From classical statistics to machine learning

For many decades, classical statistical methods have been applied by actuaries, but in a modernising industry, they are now becoming outdated. Generalised Linear Models (GLMs) for example, were historically used for pricing and reserving in the non-life insurance industry to determine how key variables (e.g. frequency and severity of claims) vary with rating factors.

Over the last few years, GLMs have also gained ground in the life insurance sector, where they are regularly applied by actuaries to capture the most significant risk drivers and guide the calibration of decrement assumptions.

Yet GLMs have limitations of their own. They are parametric models which rely on the pre-determined underlying error distribution and link function.
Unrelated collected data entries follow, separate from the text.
(* Let $n\geq3$, let $S_n$ act on $V=\mathbb{C}^n$ by the natural permutation representation, and let $\kappa^L$ be a pre-Drinfeld orbifold algebra map for this action. If $\kappa^L$ is supported both on the identity and off the identity (i.e., $\kappa^L_1\neq0$ and $\kappa^L_g\neq 0$ for some $g\neq1$), then $\kappa^L$ does not lift to a Drinfeld orbifold algebra map.
   Context: $S_n$ acts by $\sigma e_i=e_{\sigma(i)}$; $V^g$ is the fixed space of $g$; $\mathrm{Alt}_3$ is the set of cyclic permutations of $\{1,2,3\}$. A linear (resp. constant) $2$-cochain is $\alpha=\sum_g\alpha_g g$ with $\alpha_g:\bigwedge^2V\to V$ (resp. $\to\mathbb{C}$); it is $S_n$-invariant if $h(\alpha_g(v,w))=\alpha_{hgh^{-1}}(hv,hw)$ for all $g,h,v,w$. A pre-Drinfeld orbifold algebra map is an $S_n$-invariant linear 2-cochain $\kappa^L$ with $\operatorname{im}\kappa^L_g\subseteq V^g$ for all $g$ and $\sum_{\sigma\in\mathrm{Alt}_3}\kappa^L_g(v_{\sigma(2)},v_{\sigma(3)})(gv_{\sigma(1)}-v_{\sigma(1)})=0$ in $S(V)$ for all $g,v_1,v_2,v_3$. It lifts to a Drinfeld orbifold algebra map if there is an $S_n$-invariant constant 2-cochain $\kappa^C$ such that for all $g,v_1,v_2,v_3$: $\sum_{\sigma\in\mathrm{Alt}_3}\sum_{xy=g}\kappa^L_x(v_{\sigma(1)}+yv_{\sigma(1)},\kappa^L_y(v_{\sigma(2)},v_{\sigma(3)}))=2\sum_{\sigma\in\mathrm{Alt}_3}\kappa^C_g(v_{\sigma(2)},v_{\sigma(3)})(gv_{\sigma(1)}-v_{\sigma(1)})$ and $\sum_{\sigma\in\mathrm{Alt}_3}\sum_{xy=g}\kappa^C_x(v_{\sigma(1)}+yv_{\sigma(1)},\kappa^L_y(v_{\sigma(2)},v_{\sigma(3)}))=0$. *)

theory Defs
  imports "HOL-Analysis.Analysis"
begin

text \<open>V = C^n is modelled as complex ^ 'n with CARD('n) = n.
  S_n is the set of permutations of the index type 'n; the group product is composition.\<close>

type_synonym 'n vec = "complex ^ 'n"
type_synonym 'n perm = "'n \<Rightarrow> 'n"

definition Sn :: "('n::finite) perm set" where
  "Sn = {p. p permutes (UNIV :: 'n set)}"

text \<open>Permutation action: sigma e_i = e_(sigma i), i.e. (sigma v)_j = v_(sigma^-1 j).\<close>
definition act :: "('n::finite) perm \<Rightarrow> ('n::finite) vec \<Rightarrow> ('n::finite) vec" where
  "act g v = (\<chi> j. v $ (inv g j))"

definition alt_bilin_V :: "(('n::finite) vec \<Rightarrow> ('n::finite) vec \<Rightarrow> ('n::finite) vec) \<Rightarrow> bool" where
  "alt_bilin_V f \<longleftrightarrow>
     (\<forall>a b u v w. f (a *s u + b *s v) w = a *s f u w + b *s f v w) \<and>
     (\<forall>a b u v w. f w (a *s u + b *s v) = a *s f w u + b *s f w v) \<and>
     (\<forall>v. f v v = 0)"

definition alt_bilin_C :: "(('n::finite) vec \<Rightarrow> ('n::finite) vec \<Rightarrow> complex) \<Rightarrow> bool" where
  "alt_bilin_C f \<longleftrightarrow>
     (\<forall>a b u v w. f (a *s u + b *s v) w = a * f u w + b * f v w) \<and>
     (\<forall>a b u v w. f w (a *s u + b *s v) = a * f w u + b * f w v) \<and>
     (\<forall>v. f v v = 0)"

definition linear_cochain :: "(('n::finite) perm \<Rightarrow> ('n::finite) vec \<Rightarrow> ('n::finite) vec \<Rightarrow> ('n::finite) vec) \<Rightarrow> bool" where
  "linear_cochain \<alpha> \<longleftrightarrow> (\<forall>g\<in>Sn. alt_bilin_V (\<alpha> g))"

definition constant_cochain :: "(('n::finite) perm \<Rightarrow> ('n::finite) vec \<Rightarrow> ('n::finite) vec \<Rightarrow> complex) \<Rightarrow> bool" where
  "constant_cochain \<alpha> \<longleftrightarrow> (\<forall>g\<in>Sn. alt_bilin_C (\<alpha> g))"

definition invariant_L :: "(('n::finite) perm \<Rightarrow> ('n::finite) vec \<Rightarrow> ('n::finite) vec \<Rightarrow> ('n::finite) vec) \<Rightarrow> bool" where
  "invariant_L \<alpha> \<longleftrightarrow> (\<forall>g\<in>Sn. \<forall>h\<in>Sn. \<forall>v w.
      act h (\<alpha> g v w) = \<alpha> (h \<circ> g \<circ> inv h) (act h v) (act h w))"

definition invariant_C :: "(('n::finite) perm \<Rightarrow> ('n::finite) vec \<Rightarrow> ('n::finite) vec \<Rightarrow> complex) \<Rightarrow> bool" where
  "invariant_C \<alpha> \<longleftrightarrow> (\<forall>g\<in>Sn. \<forall>h\<in>Sn. \<forall>v w.
      \<alpha> g v w = \<alpha> (h \<circ> g \<circ> inv h) (act h v) (act h w))"

text \<open>The product u v of two vectors in S^2(V), realised via the standard embedding
  S^2(V) into V (x) V by symmetrisation: coordinates (i,j) -> u_i v_j + u_j v_i.\<close>
definition sym_prod :: "('n::finite) vec \<Rightarrow> ('n::finite) vec \<Rightarrow> ('n \<times> 'n \<Rightarrow> complex)" where
  "sym_prod u v = (\<lambda>(i, j). u $ i * v $ j + u $ j * v $ i)"

definition pre_DOA_map :: "(('n::finite) perm \<Rightarrow> ('n::finite) vec \<Rightarrow> ('n::finite) vec \<Rightarrow> ('n::finite) vec) \<Rightarrow> bool" where
  "pre_DOA_map \<kappa> \<longleftrightarrow>
     linear_cochain \<kappa> \<and> invariant_L \<kappa> \<and>
     (\<forall>g\<in>Sn. \<forall>v w. act g (\<kappa> g v w) = \<kappa> g v w) \<and>
     (\<forall>g\<in>Sn. \<forall>v1 v2 v3.
        (\<lambda>ij. sym_prod (\<kappa> g v2 v3) (act g v1 - v1) ij
            + sym_prod (\<kappa> g v3 v1) (act g v2 - v2) ij
            + sym_prod (\<kappa> g v1 v2) (act g v3 - v3) ij) = (\<lambda>ij. 0))"

definition factor_pairs :: "('n::finite) perm \<Rightarrow> (('n::finite) perm \<times> ('n::finite) perm) set" where
  "factor_pairs g = {(x, y). x \<in> Sn \<and> y \<in> Sn \<and> x \<circ> y = g}"

definition lifts_to_DOA_map :: "(('n::finite) perm \<Rightarrow> ('n::finite) vec \<Rightarrow> ('n::finite) vec \<Rightarrow> ('n::finite) vec) \<Rightarrow> bool" where
  "lifts_to_DOA_map \<kappa>L \<longleftrightarrow>
     (\<exists>\<kappa>C. constant_cochain \<kappa>C \<and> invariant_C \<kappa>C \<and>
       (\<forall>g\<in>Sn. \<forall>v1 v2 v3.
          (\<Sum>(x, y)\<in>factor_pairs g.
               \<kappa>L x (v1 + act y v1) (\<kappa>L y v2 v3)
             + \<kappa>L x (v2 + act y v2) (\<kappa>L y v3 v1)
             + \<kappa>L x (v3 + act y v3) (\<kappa>L y v1 v2))
          = 2 *s (\<kappa>C g v2 v3 *s (act g v1 - v1)
                 + \<kappa>C g v3 v1 *s (act g v2 - v2)
                 + \<kappa>C g v1 v2 *s (act g v3 - v3))) \<and>
       (\<forall>g\<in>Sn. \<forall>v1 v2 v3.
          (\<Sum>(x, y)\<in>factor_pairs g.
               \<kappa>C x (v1 + act y v1) (\<kappa>L y v2 v3)
             + \<kappa>C x (v2 + act y v2) (\<kappa>L y v3 v1)
             + \<kappa>C x (v3 + act y v3) (\<kappa>L y v1 v2)) = 0))"

end

theory Submission
  imports Defs "HOL-Combinatorics.Cycles"
begin

(* Write \<sigma> for the coordinate sum and 1 for the all-ones vector.  Equivariance and
   antisymmetry force \<kappa>\<^sub>i\<^sub>d(v, w) = a (\<sigma>(w) v - \<sigma>(v) w), with a \<noteq> 0 as \<kappa>\<^sub>i\<^sub>d \<noteq> 0.
   For g \<noteq> id the pre-Drinfeld condition makes \<kappa>\<^sub>g vanish on pairs of g-fixed vectors;
   as \<kappa>\<^sub>g(1, -) is g-invariant, averaging over the powers of g gives \<kappa>\<^sub>g(1, -) = 0.
   Now evaluate the first lifting condition at v\<^sub>1 = 1, for g \<noteq> id and c = \<kappa>\<^sub>g(v\<^sub>2, v\<^sub>3):
   only the factorisations (id, g) and (g, id) contribute, and the identity reads
   2a (\<sigma>(c) 1 + n c) = g u - u for some u.  The left side is g-fixed because
   im \<kappa>\<^sub>g \<subseteq> V\<^sup>g, and a g-fixed coboundary vanishes; so \<sigma>(c) 1 + n c = 0, whence c = 0. *)

definition coord_sum :: "('n::finite) vec \<Rightarrow> complex" where
  "coord_sum v = (\<Sum>j\<in>UNIV. v $ j)"

lemma Sn_id: "id \<in> Sn"
  by (simp add: Sn_def)

lemma coord_sum_add: "coord_sum (u + v) = coord_sum u + coord_sum v"
  by (simp add: coord_sum_def sum.distrib)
Moreover, they are not well suited to detecting interactions between variables and complex relationships. Limitations such as these can lead to poor goodness-of-fit and unreliable forecasts of future observations.

To overcome these limitations, and thanks to rapid technological advancements, machine learning (ML) is becoming more prevalent in the insurance sector. ML can create algorithms that use data inputs to recognise complex patterns, make strategic decisions and form informed predictions without explicit programming. Essentially, ML has the capacity to learn from historic experience data and make decisions without the need for human intervention.

This allows for the:

  • Establishment of more complex relationships between features and outcomes than those in traditional models.
  • Exploration of more subtle predictive features as well as detection of anomalies.
    Rapid adaptation to changes in data patterns and underlying business conditions. ML algorithms are typically divided into three different classes depending on the type of problem they are to be applied to:
  • Supervised learning - the goal is to predict the value of an outcome measure by using numerous input measures. The learning process is supervised due to the presence of an outcome variable that guides the learning process. Examples include regression, neural networks, and tree-based methods such as random forests.
  • Unsupervised learning - there is no outcome measure, the goal is simply to describe the associations and patterns amongst a set of inputs. Examples include cluster analysis and Principal Component Analysis (PCA).
  • Reinforcement learning - predicted outcomes are incorporated into the model to improve the next prediction. Over time, the predictions improve as the algorithm learns more about the environment it operates in and models are updated dynamically. Currently, it is not widely used in actuarial science, but this may change over time as statistical methods and computational power develop.